(Aim of the task):
Only lines that contain the word "imports" are to be returned from the data below.

—————

(* Fix a set $\mathcal{X}$, a measure space $\mathcal{Y}$, and a real number $\alpha>1$. Suppose that for each $y\in\mathcal{Y}$ a topology is given on the fibre $\mathcal{X}\times\{y\}$, and that $\phi:\mathcal{X}\to\mathcal{X}$ is a function such that the induced map $(x,y)\mapsto(\phi(x),y)$ is continuous on each such fibre. Suppose further that $\gamma:\mathcal{X}\times\mathcal{Y}\to\mathbb{R}$ is a function which (1) is bounded; (2) is continuous on the fibres of $\mathcal{X}\times\mathcal{Y}\to\mathcal{Y}$; (3) is measurable on the fibres of $\mathcal{X}\times\mathcal{Y}\to\mathcal{X}$; and (4) vanishes off $\mathcal{X}\times W$ for some set $W\subseteq\mathcal{Y}$ of finite measure. Then there exists a unique bounded function $\hat{\gamma}:\mathcal{X}\times\mathcal{Y}\to\mathbb{R}$, continuous in the first coordinate and integrable in the second, with \[\gamma(x,y)=\hat{\gamma}(\phi(x),y)-\alpha\hat{\gamma}(x,y)\] for all $x\in\mathcal{X}$ and $y\in\mathcal{Y}$. *)

theory Defs
  imports "HOL-Analysis.Analysis"
begin

end

theory Submission
  imports Defs
begin

text \<open>
  Fibrewise the equation reads \<open>f = g \<circ> \<phi> - \<alpha> g\<close>, i.e. \<open>g = \<alpha>\<^sup>-\<^sup>1 (g \<circ> \<phi> - f)\<close>.
  Iterating gives the solution \<open>g = - (\<Sum>n. f \<circ> \<phi>\<^sup>n / \<alpha>\<^sup>n\<^sup>+\<^sup>1)\<close>, which converges
  uniformly because \<open>f\<close> is bounded and \<open>\<alpha> > 1\<close>; uniform convergence transfers continuity
  in \<open>x\<close>, and the bound \<open>\<bar>g\<bar> \<le> B / (\<alpha> - 1)\<close> together with the support of \<open>\<gamma>\<close> in a
  set of finite measure gives integrability in \<open>y\<close>. The difference \<open>d\<close> of two bounded
  solutions satisfies \<open>d \<circ> \<phi>\<^sup>n = \<alpha>\<^sup>n d\<close>, so it vanishes.
\<close>

definition cohom_solution :: "real \<Rightarrow> ('a \<Rightarrow> 'a) \<Rightarrow> ('a \<Rightarrow> real) \<Rightarrow> 'a \<Rightarrow> real" where
  "cohom_solution \<alpha> \<phi> f x = - (\<Sum>n. f ((\<phi> ^^ n) x) / \<alpha> ^ Suc n)"

lemma funpow_in_invariant_set:
  assumes "\<phi> ` X \<subseteq> X" "x \<in> X"
  shows "(\<phi> ^^ n) x \<in> X"
  using assms by (induction n) auto

lemma continuous_map_funpow:
  assumes "continuous_map T T \<phi>"
  shows "continuous_map T T (\<phi> ^^ n)"
proof (induction n)
  case (Suc n)
  then show ?case
    using continuous_map_compose[OF Suc assms] by (simp add: o_def)
qed simp

lemma bounded_expanded_eq_zero:
  fixes d :: "'a \<Rightarrow> real"
  assumes "\<alpha> > 1" "\<phi> ` X \<subseteq> X" "x \<in> X"
    and bound: "\<And>z. z \<in> X \<Longrightarrow> \<bar>d z\<bar> \<le> B"
    and expand: "\<And>z. z \<in> X \<Longrightarrow> d (\<phi> z) = \<alpha> * d z"
  shows "d x = 0"
proof (rule ccontr)
  have iterate: "d ((\<phi> ^^ n) x) = \<alpha> ^ n * d x" for n
    by (induction n) (simp_all add: expand funpow_in_invariant_set[OF assms(2,3)])
  assume "d x \<noteq> 0"
  then have pos: "\<bar>d x\<bar> > 0" by simp
  obtain n where "B / \<bar>d x\<bar> < \<alpha> ^ n"
    using real_arch_pow[OF \<open>\<alpha> > 1\<close>] by blast
  then have "B < \<alpha> ^ n * \<bar>d x\<bar>" using pos by (simp add: divide_less_eq)
  also have "\<dots> = \<bar>d ((\<phi> ^^ n) x)\<bar>" using \<open>\<alpha> > 1\<close> by (simp add: iterate abs_mult)
  also have "\<dots> \<le> B" by (rule bound[OF funpow_in_invariant_set[OF assms(2,3)]])
  finally show False by simp
qed

lemma cohom_equation_unique:
  fixes g g' f :: "'a \<Rightarrow> real"
  assumes "\<alpha> > 1" "\<phi> ` X \<subseteq> X" "x \<in> X"
    and "\<And>z. z \<in> X \<Longrightarrow> \<bar>g z\<bar> \<le> B" "\<And>z. z \<in> X \<Longrightarrow> \<bar>g' z\<bar> \<le> B'"
    and "\<And>z. z \<in> X \<Longrightarrow> f z = g (\<phi> z) - \<alpha> * g z"
    and "\<And>z. z \<in> X \<Longrightarrow> f z = g' (\<phi> z) - \<alpha> * g' z"
  shows "g' x = g x"
proof -
  have "(\<lambda>z. g' z - g z) x = 0"
  proof (rule bounded_expanded_eq_zero[OF assms(1-3)])
    fix z assume z: "z \<in> X"
    show "\<bar>g' z - g z\<bar> \<le> B' + B" using assms(4,5)[OF z] by linarith
    show "g' (\<phi> z) - g (\<phi> z) = \<alpha> * (g' z - g z)"
      using assms(6,7)[OF z] by (simp add: algebra_simps)
  qed
  then show ?thesis by simp
qed

lemma geometric_tail_sums:
  fixes \<alpha> :: real
  assumes "\<alpha> > 1"
  shows "(\<lambda>n. B / \<alpha> ^ Suc n) sums (B / (\<alpha> - 1))"
proof -
  have "(\<lambda>n. (1 / \<alpha>) ^ n) sums (1 / (1 - 1 / \<alpha>))"
    using assms by (intro geometric_sums) simp
  then have "(\<lambda>n. B / \<alpha> * (1 / \<alpha>) ^ n) sums (B / \<alpha> * (1 / (1 - 1 / \<alpha>)))"
    by (rule sums_mult)
  moreover have "B / \<alpha> * (1 / (1 - 1 / \<alpha>)) = B / (\<alpha> - 1)"
    using assms by (simp add: field_simps)
  moreover have "(\<lambda>n. B / \<alpha> * (1 / \<alpha>) ^ n) = (\<lambda>n. B / \<alpha> ^ Suc n)"
    by (simp add: fun_eq_iff power_one_over)
  ultimately show ?thesis by metis
qed

context
  fixes \<alpha> :: real and \<phi> :: "'a \<Rightarrow> 'a" and f :: "'a \<Rightarrow> real" and X :: "'a set" and B :: real
  assumes alpha: "\<alpha> > 1" and invariant: "\<phi> ` X \<subseteq> X"
    and bounded: "\<And>x. x \<in> X \<Longrightarrow> \<bar>f x\<bar> \<le> B"
begin

lemma cohom_series_term_bound:
  assumes "x \<in> X"
  shows "norm (f ((\<phi> ^^ n) x) / \<alpha> ^ Suc n) \<le> B / \<alpha> ^ Suc n"
  using bounded[OF funpow_in_invariant_set[OF invariant assms]] alpha
  by (simp add: divide_right_mono)

lemma summable_cohom_series:
  assumes "x \<in> X"
  shows "summable (\<lambda>n. f ((\<phi> ^^ n) x) / \<alpha> ^ Suc n)"
  using summable_comparison_test'[OF sums_summable[OF geometric_tail_sums[OF alpha]]
      cohom_series_term_bound[OF assms]] .

lemma cohom_solution_bound:
  assumes "x \<in> X"
  shows "\<bar>cohom_solution \<alpha> \<phi> f x\<bar> \<le> B / (\<alpha> - 1)"
proof -
  let ?a = "\<lambda>n. f ((\<phi> ^^ n) x) / \<alpha> ^ Suc n"
  have summable_norm_terms: "summable (\<lambda>n. norm (?a n))"
    by (rule summable_comparison_test'[OF sums_summable[OF geometric_tail_sums[OF alpha]]])
      (use cohom_series_term_bound[OF assms] in simp)
  have "\<bar>\<Sum>n. ?a n\<bar> \<le> (\<Sum>n. norm (?a n))"
    using summable_norm[OF summable_norm_terms] by simp
  also have "\<dots> \<le> (\<Sum>n. B / \<alpha> ^ Suc n)"
    by (intro suminf_le cohom_series_term_bound[OF assms] summable_norm_terms
        sums_summable[OF geometric_tail_sums[OF alpha]])
  also have "\<dots> = B / (\<alpha> - 1)"
    using geometric_tail_sums[OF alpha] by (rule sums_unique[symmetric])
  finally show ?thesis
    unfolding cohom_solution_def by simp
qed

lemma cohom_solution_equation:
  assumes "x \<in> X"
  shows "f x = cohom_solution \<alpha> \<phi> f (\<phi> x) - \<alpha> * cohom_solution \<alpha> \<phi> f x"
proof -
  let ?a = "\<lambda>z n. f ((\<phi> ^^ n) z) / \<alpha> ^ Suc n"
  have "(\<Sum>n. ?a x (Suc n)) = (\<Sum>n. ?a x n) - ?a x 0"
    by (rule suminf_split_head[OF summable_cohom_series[OF assms]])
  moreover have "(\<lambda>n. ?a x (Suc n)) = (\<lambda>n. ?a (\<phi> x) n / \<alpha>)"
    by (simp add: funpow_swap1 mult_ac)
  moreover have "(\<Sum>n. ?a (\<phi> x) n / \<alpha>) = (\<Sum>n. ?a (\<phi> x) n) / \<alpha>"
    using invariant assms by (intro suminf_divide summable_cohom_series) auto
  ultimately show ?thesis
    using alpha unfolding cohom_solution_def by (simp add: field_simps)
qed

end

lemma continuous_map_cohom_solution:
  assumes alpha: "\<alpha> > 1" and phi: "continuous_map T T \<phi>"
    and f: "continuous_map T euclideanreal f" and bounded: "\<And>x. x \<in> topspace T \<Longrightarrow> \<bar>f x\<bar> \<le> B"
  shows "continuous_map T euclideanreal (cohom_solution \<alpha> \<phi> f)"
proof -
  have invariant: "\<phi> ` topspace T \<subseteq> topspace T"
    using phi by (simp add: continuous_map_image_subset_topspace)
  let ?a = "\<lambda>n x. f ((\<phi> ^^ n) x) / \<alpha> ^ Suc n"
  have terms: "continuous_map T euclideanreal (?a n)" for n
    using continuous_map_compose[OF continuous_map_funpow[OF phi] f] alpha
    by (intro continuous_map_real_divide) (auto simp: o_def)
  have limit: "uniform_limit (topspace T) (\<lambda>N x. \<Sum>n<N. ?a n x) (\<lambda>x. \<Sum>n. ?a n x) sequentially"
    using cohom_series_term_bound[OF alpha invariant bounded]
    by (intro Weierstrass_m_test[OF _ sums_summable[OF geometric_tail_sums[OF alpha]]]) auto
  have "continuous_map T Met_TC.mtopology (\<lambda>x. \<Sum>n. ?a n x)"
  proof (rule Met_TC.continuous_map_uniform_limit_alt[where F=sequentially])
    show "\<forall>\<^sub>F N in sequentially. continuous_map T Met_TC.mtopology (\<lambda>x. \<Sum>n<N. ?a n x)"
      using terms by (auto intro!: always_eventually continuous_map_sum)
    show "\<forall>\<^sub>F N in sequentially. \<forall>x\<in>topspace T. dist (\<Sum>n<N. ?a n x) (\<Sum>n. ?a n x) < e"
      if "e > 0" for e
      using limit that unfolding uniform_limit_iff by auto
  qed auto
  then show ?thesis
    unfolding cohom_solution_def by (auto intro: continuous_map_minus)
qed

lemma integrable_cohom_solution:
  fixes \<gamma> :: "'a \<Rightarrow> 'b \<Rightarrow> real"
  assumes alpha: "\<alpha> > 1" and invariant: "\<phi> ` X \<subseteq> X" and x: "x \<in> X"
    and bounded: "\<And>x y. x \<in> X \<Longrightarrow> y \<in> space M \<Longrightarrow> \<bar>\<gamma> x y\<bar> \<le> B"
    and meas: "\<And>x. x \<in> X \<Longrightarrow> (\<lambda>y. \<gamma> x y) \<in> borel_measurable M"
    and W: "W \<in> sets M" "emeasure M W < \<infinity>"
    and supp: "\<And>x y. x \<in> X \<Longrightarrow> y \<in> space M - W \<Longrightarrow> \<gamma> x y = 0"
  shows "integrable M (\<lambda>y. cohom_solution \<alpha> \<phi> (\<lambda>x. \<gamma> x y) x)"
proof (rule Bochner_Integration.integrable_bound)
  show "integrable M (\<lambda>y. B / (\<alpha> - 1) * indicator W y :: real)"
    using W by (intro integrable_mult_right integrable_real_indicator) auto
  have "(\<lambda>y. \<gamma> ((\<phi> ^^ n) x) y) \<in> borel_measurable M" for n
    by (rule meas[OF funpow_in_invariant_set[OF invariant x]])
  then show "(\<lambda>y. cohom_solution \<alpha> \<phi> (\<lambda>x. \<gamma> x y) x) \<in> borel_measurable M"
    unfolding cohom_solution_def by measurable
  show "AE y in M. norm (cohom_solution \<alpha> \<phi> (\<lambda>x. \<gamma> x y) x)
                     \<le> norm (B / (\<alpha> - 1) * indicator W y :: real)"
  proof (rule AE_I2)
    fix y assume y: "y \<in> space M"
    show "norm (cohom_solution \<alpha> \<phi> (\<lambda>x. \<gamma> x y) x) \<le> norm (B / (\<alpha> - 1) * indicator W y :: real)"
    proof (cases "y \<in> W")
      case True
      have "norm (cohom_solution \<alpha> \<phi> (\<lambda>x. \<gamma> x y) x) \<le> B / (\<alpha> - 1)"
        using cohom_solution_bound[OF alpha invariant bounded[OF _ y] x] by simp
      then have "norm (cohom_solution \<alpha> \<phi> (\<lambda>x. \<gamma> x y) x) \<le> \<bar>B / (\<alpha> - 1)\<bar>"
        by (rule order_trans[OF _ abs_ge_self])
      then show ?thesis
        using True by simp
    next
      case False
      then show ?thesis
        using supp[OF funpow_in_invariant_set[OF invariant x]] y
        by (simp add: cohom_solution_def)
    qed
  qed
qed

theorem mainTheorem12:
  fixes X :: "'a set" and M :: "'b measure" and \<alpha> :: real
    and T :: "'b \<Rightarrow> 'a topology" and \<phi> :: "'a \<Rightarrow> 'a"
    and \<gamma> :: "'a \<Rightarrow> 'b \<Rightarrow> real"
  assumes alpha: "\<alpha> > 1"
    and top: "\<forall>y\<in>space M. topspace (T y) = X"
    and phi_cont: "\<forall>y\<in>space M. continuous_map (T y) (T y) \<phi>"
    and bounded: "\<exists>B. \<forall>x\<in>X. \<forall>y\<in>space M. \<bar>\<gamma> x y\<bar> \<le> B"
    and cont: "\<forall>y\<in>space M. continuous_map (T y) euclideanreal (\<lambda>x. \<gamma> x y)"
    and meas: "\<forall>x\<in>X. (\<lambda>y. \<gamma> x y) \<in> borel_measurable M"
    and supp: "\<exists>W\<in>sets M. emeasure M W < \<infinity> \<and> (\<forall>x\<in>X. \<forall>y\<in>space M - W. \<gamma> x y = 0)"
  shows "\<exists>g :: 'a \<Rightarrow> 'b \<Rightarrow> real.
           ((\<exists>B. \<forall>x\<in>X. \<forall>y\<in>space M. \<bar>g x y\<bar> \<le> B)
            \<and> (\<forall>y\<in>space M. continuous_map (T y) euclideanreal (\<lambda>x. g x y))
            \<and> (\<forall>x\<in>X. integrable M (\<lambda>y. g x y))
            \<and> (\<forall>x\<in>X. \<forall>y\<in>space M. \<gamma> x y = g (\<phi> x) y - \<alpha> * g x y))
         \<and> (\<forall>g' :: 'a \<Rightarrow> 'b \<Rightarrow> real.
              ((\<exists>B. \<forall>x\<in>X. \<forall>y\<in>space M. \<bar>g' x y\<bar> \<le> B)
               \<and> (\<forall>y\<in>space M. continuous_map (T y) euclideanreal (\<lambda>x. g' x y))
               \<and> (\<forall>x\<in>X. integrable M (\<lambda>y. g' x y))
               \<and> (\<forall>x\<in>X. \<forall>y\<in>space M. \<gamma> x y = g' (\<phi> x) y - \<alpha> * g' x y))
              \<longrightarrow> (\<forall>x\<in>X. \<forall>y\<in>space M. g' x y = g x y))"
proof (cases "space M = {}")
  case True
  \<comment> \<open>Here \<open>\<phi>\<close> need not map \<open>X\<close> into itself, but every claim is vacuous.\<close>
  then show ?thesis by (intro exI[of _ "\<lambda>_ _. 0"]) auto
next
  case False
  then have invariant: "\<phi> ` X \<subseteq> X"
    using top phi_cont by (metis continuous_map_image_subset_topspace equals0I)
  obtain B where B: "\<And>x y. x \<in> X \<Longrightarrow> y \<in> space M \<Longrightarrow> \<bar>\<gamma> x y\<bar> \<le> B"
    using bounded by blast
  obtain W where W: "W \<in> sets M" "emeasure M W < \<infinity>"
    and W_supp: "\<And>x y. x \<in> X \<Longrightarrow> y \<in> space M - W \<Longrightarrow> \<gamma> x y = 0"
    using supp by blast
  define g where "g x y = cohom_solution \<alpha> \<phi> (\<lambda>x. \<gamma> x y) x" for x y
  have g_bound: "\<bar>g x y\<bar> \<le> B / (\<alpha> - 1)" if "x \<in> X" "y \<in> space M" for x y
    unfolding g_def using cohom_solution_bound[OF alpha invariant B[OF _ that(2)] that(1)] .
  have g_eq: "\<gamma> x y = g (\<phi> x) y - \<alpha> * g x y" if "x \<in> X" "y \<in> space M" for x y
    unfolding g_def using cohom_solution_equation[OF alpha invariant B[OF _ that(2)] that(1)] .
  have g_cont: "continuous_map (T y) euclideanreal (\<lambda>x. g x y)" if y: "y \<in> space M" for y
    unfolding g_def
  proof (rule continuous_map_cohom_solution[OF alpha])
    show "continuous_map (T y) (T y) \<phi>" using phi_cont y by blast
    show "continuous_map (T y) euclideanreal (\<lambda>x. \<gamma> x y)" using cont y by blast
    show "\<bar>\<gamma> x y\<bar> \<le> B" if "x \<in> topspace (T y)" for x using B top y that by blast
  qed
  have g_integrable: "integrable M (\<lambda>y. g x y)" if "x \<in> X" for x
    unfolding g_def using integrable_cohom_solution[OF alpha invariant that B meas[rule_format] W W_supp] .
  have g_unique: "g' x y = g x y"
    if g'_bound: "\<exists>B. \<forall>x\<in>X. \<forall>y\<in>space M. \<bar>g' x y\<bar> \<le> B"
      and g'_eq: "\<forall>x\<in>X. \<forall>y\<in>space M. \<gamma> x y = g' (\<phi> x) y - \<alpha> * g' x y"
      and x: "x \<in> X" and y: "y \<in> space M" for g' x y
  proof -
    obtain B' where B': "\<And>x. x \<in> X \<Longrightarrow> \<bar>g' x y\<bar> \<le> B'"
      using g'_bound y by blast
    show ?thesis
      by (rule cohom_equation_unique[where f="\<lambda>z. \<gamma> z y" and g="\<lambda>z. g z y" and g'="\<lambda>z. g' z y",
            OF alpha invariant x g_bound[OF _ y] B' g_eq[OF _ y]])
        (use g'_eq y in auto)
  qed
  show ?thesis
    by (intro exI[of _ g]) (use g_bound g_eq g_cont g_integrable g_unique in blast)
qed

end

—————

(Task solution):
  imports "HOL-Analysis.Analysis"
  imports Defs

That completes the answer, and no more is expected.